About Jarvis — Local Agent

Main task: explore the capabilities and trade-offs of the GPT-OSS 20B / 120B models inside a practical, privacy-first local agent.

Inspiration

Build an assistant that can work with your files locally, surface insights, and act as a trustworthy helper—useful for individuals and for teams that must keep internal data private. We also wanted a clean way to switch providers (OpenRouter, HF Router, Ollama) without rewriting code, and to learn where big OSS models shine or struggle.

What it does

  • Folder sandbox: choose an Action Folder; all operations are constrained to it.
  • Six actions: Explore folder, Analyze documents, Translate, Extract data, Generate new document (e.g., README), and Batch actions (shell).
  • Smart tools (when supported): list/search files, read txt/pdf/docx/xlsx/csv, count by type, write files, optional shell, OCR via Tesseract (with Poppler for PDFs).
  • Safe mode & step limit: shell off by default; slider caps agent steps.
  • Multi-provider switch: OpenRouter / HF Router / local Ollama (OpenAI-compatible /v1) with per-backend model mapping and .env keys.
  • When tools aren’t supported: Jarvis still works in paste-in mode—you paste a file list, document text, or OCR output into chat, and Jarvis summarizes, analyzes, translates, or structures it. Use the Save action to write results.

How we built it

  • UI: Python + Gradio (dark theme), file explorer, “Apply settings,” presets for the six actions, warnings if tool-calling isn’t available.
  • Agent: HuggingFace smolagents CodeAgent, LiteLLMModel, plus an OpenAI-compatible client for HF Router.
  • Providers:
    • OpenRouter (https://openrouter.ai/api/v1)
    • HF Router (https://router.huggingface.co/v1, provider-suffixed model IDs like …:fireworks-ai)
    • Ollama via OpenAI shim (http://localhost:11434/v1)
  • Config: single MODEL_BY_BACKEND map; TOOLS_CAPABLE toggles tool-calls per backend; agent cache keyed by backend/model/safety.
  • Docs & data: resilient encoding (UTF-8, CP1251/866, etc.), delimiter detection for CSV, quick previews for Excel/PDF, OCR for scans.

Challenges we ran into

  • Tool-calling variance: many OSS models (incl. gpt-oss-20b) chat well but don’t emit structured OpenAI tool_calls. Mitigation: clearly document paste-in mode when tools aren’t available.
  • Endpoint gotchas: Ollama native vs /v1 OpenAI path; HF Router provider suffix; credentials and usage fields.
  • Framework quirks: smolagents API changes, Gradio state deep-copy rules, file-explorer/global state fixes.
  • Windows specifics: code pages & Cyrillic encoding, Tesseract & Poppler paths.
  • Hardware limits: local 120B is impractical on our machine; used APIs for that scale.

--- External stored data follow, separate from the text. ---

(* Consider the controlled system $\dot x = f(x)+g(x)u$, $y=h(x)$, with $x\in\mathbb{R}^{d_x}$, where $f,g,h$ are sufficiently many times differentiable, and let $\mathcal{S}\subset\mathbb{R}^{d_x}$ be open. Suppose that for some $j\in\{2,\dots,d_x\}$ the map $\mathbf{H}_j$ is an open map on $\mathcal{S}$. Then Property $\mathcal{B}(j)$ is satisfied.
   Context: $\mathbf{H}_i(x)=(h(x),L_fh(x),\dots,L_f^{i-1}h(x))\in\mathbb{R}^i$, where $L_f$ denotes the Lie derivative along $f$. Property $\mathcal{B}(j)$: for any $(x_a,x_b)\in\mathcal{S}^2$ with $x_a\ne x_b$ and $\mathbf{H}_j(x_a)=\mathbf{H}_j(x_b)$, there exists a sequence $(x_{a,k},x_{b,k})$ in $\mathcal{S}^2$ converging to $(x_a,x_b)$ such that for all $k$, $\mathbf{H}_j(x_{a,k})=\mathbf{H}_j(x_{b,k})$ and the Jacobian $\frac{\partial\mathbf{H}_{j-1}}{\partial x}$ has full rank (rank $j-1$) at $x_{a,k}$ or at $x_{b,k}$. *)

theory Defs
  imports "HOL-Analysis.Analysis"
begin

fun Ck :: "nat \<Rightarrow> ('a::real_normed_vector \<Rightarrow> 'b::real_normed_vector) \<Rightarrow> bool" where
  "Ck 0 F = continuous_on UNIV F"
| "Ck (Suc k) F = (F differentiable_on UNIV \<and> (\<forall>v. Ck k (\<lambda>x. frechet_derivative F (at x) v)))"

definition smooth :: "('a::real_normed_vector \<Rightarrow> 'b::real_normed_vector) \<Rightarrow> bool" where
  "smooth F \<longleftrightarrow> (\<forall>k. Ck k F)"

definition lie :: "(real^'n \<Rightarrow> real^'n) \<Rightarrow> (real^'n \<Rightarrow> real) \<Rightarrow> real^'n \<Rightarrow> real" where
  "lie f phi x = frechet_derivative phi (at x) (f x)"

definition lie_iter :: "(real^'n \<Rightarrow> real^'n) \<Rightarrow> nat \<Rightarrow> (real^'n \<Rightarrow> real) \<Rightarrow> real^'n \<Rightarrow> real" where
  "lie_iter f k h = (lie f ^^ k) h"

text \<open>H_i(x) = (h(x), L_f h(x), ..., L_f^(i-1) h(x)) in R^i, represented as a function
  nat => real whose coordinates 0..i-1 are the entries and which vanishes from index i on.\<close>
definition Hmap :: "(real^'n \<Rightarrow> real^'n) \<Rightarrow> (real^'n \<Rightarrow> real) \<Rightarrow> nat \<Rightarrow> real^'n \<Rightarrow> (nat \<Rightarrow> real)" where
  "Hmap f h i x = (\<lambda>k. if k < i then lie_iter f k h x else 0)"

definition Rvec :: "nat \<Rightarrow> (nat \<Rightarrow> real) set" where
  "Rvec i = {w. \<forall>k\<ge>i. w k = 0}"

definition open_Rvec :: "nat \<Rightarrow> (nat \<Rightarrow> real) set \<Rightarrow> bool" where
  "open_Rvec i V \<longleftrightarrow> V \<subseteq> Rvec i \<and>
     (\<forall>v\<in>V. \<exists>e>0. \<forall>w\<in>Rvec i. sqrt (\<Sum>k<i. (w k - v k)\<^sup>2) < e \<longrightarrow> w \<in> V)"

definition open_map_on :: "(real^'n \<Rightarrow> real^'n) \<Rightarrow> (real^'n \<Rightarrow> real) \<Rightarrow> nat \<Rightarrow> (real^'n) set \<Rightarrow> bool" where
  "open_map_on f h i S \<longleftrightarrow> (\<forall>U. open U \<and> U \<subseteq> S \<longrightarrow> open_Rvec i (Hmap f h i ` U))"

definition grad :: "(real^'n \<Rightarrow> real) \<Rightarrow> real^'n \<Rightarrow> real^'n" where
  "grad phi x = (\<chi> m. frechet_derivative phi (at x) (axis m 1))"

definition jac_rank :: "(real^'n \<Rightarrow> real^'n) \<Rightarrow> (real^'n \<Rightarrow> real) \<Rightarrow> nat \<Rightarrow> real^'n \<Rightarrow> nat" where
  "jac_rank f h i x = dim (span ((\<lambda>k. grad (lie_iter f k h) x) ` {..<i}))"

definition property_B :: "(real^'n \<Rightarrow> real^'n) \<Rightarrow> (real^'n \<Rightarrow> real) \<Rightarrow> (real^'n) set \<Rightarrow> nat \<Rightarrow> bool" where
  "property_B f h S j \<longleftrightarrow>
    (\<forall>xa\<in>S. \<forall>xb\<in>S. xa \<noteq> xb \<and> Hmap f h j xa = Hmap f h j xb \<longrightarrow>
       (\<exists>sa sb. (\<forall>k. sa k \<in> S \<and> sb k \<in> S) \<and> sa \<longlonglongrightarrow> xa \<and> sb \<longlonglongrightarrow> xb \<and>
          (\<forall>k. Hmap f h j (sa k) = Hmap f h j (sb k) \<and>
               (jac_rank f h (j - 1) (sa k) = j - 1 \<or> jac_rank f h (j - 1) (sb k) = j - 1))))"

end

theory Submission
  imports Defs
begin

Accomplishments that we’re proud of

  • A working local agent with a clean UI, cross-provider support, and a safe sandbox.
  • OCR integration, resilient readers, and practical presets that deliver value fast.
  • Clear step-limit and logs so advanced users can inspect behavior.

What we learned

  • Provider differences matter: the same model name can require different IDs/adapters.
  • Designing for graceful fallback (to paste-in mode) keeps the app useful across providers.
  • Small UX choices (safe defaults, previews, explicit outputs like reports/*.md) increase trust.
  • Centralized config prevents cross-provider “default” mixups.

What’s next for Local agent Jarvis

  • UI polish: action wizards, richer previews, per-action options (glob/regex/lang).
  • Docs & blog: write up the architecture and provider nuances; public demo.
  • Plugins: table extraction from PDFs, diff/review helpers, one-click exports.
  • RAG option: local embeddings + vector search for large folders (privacy-first).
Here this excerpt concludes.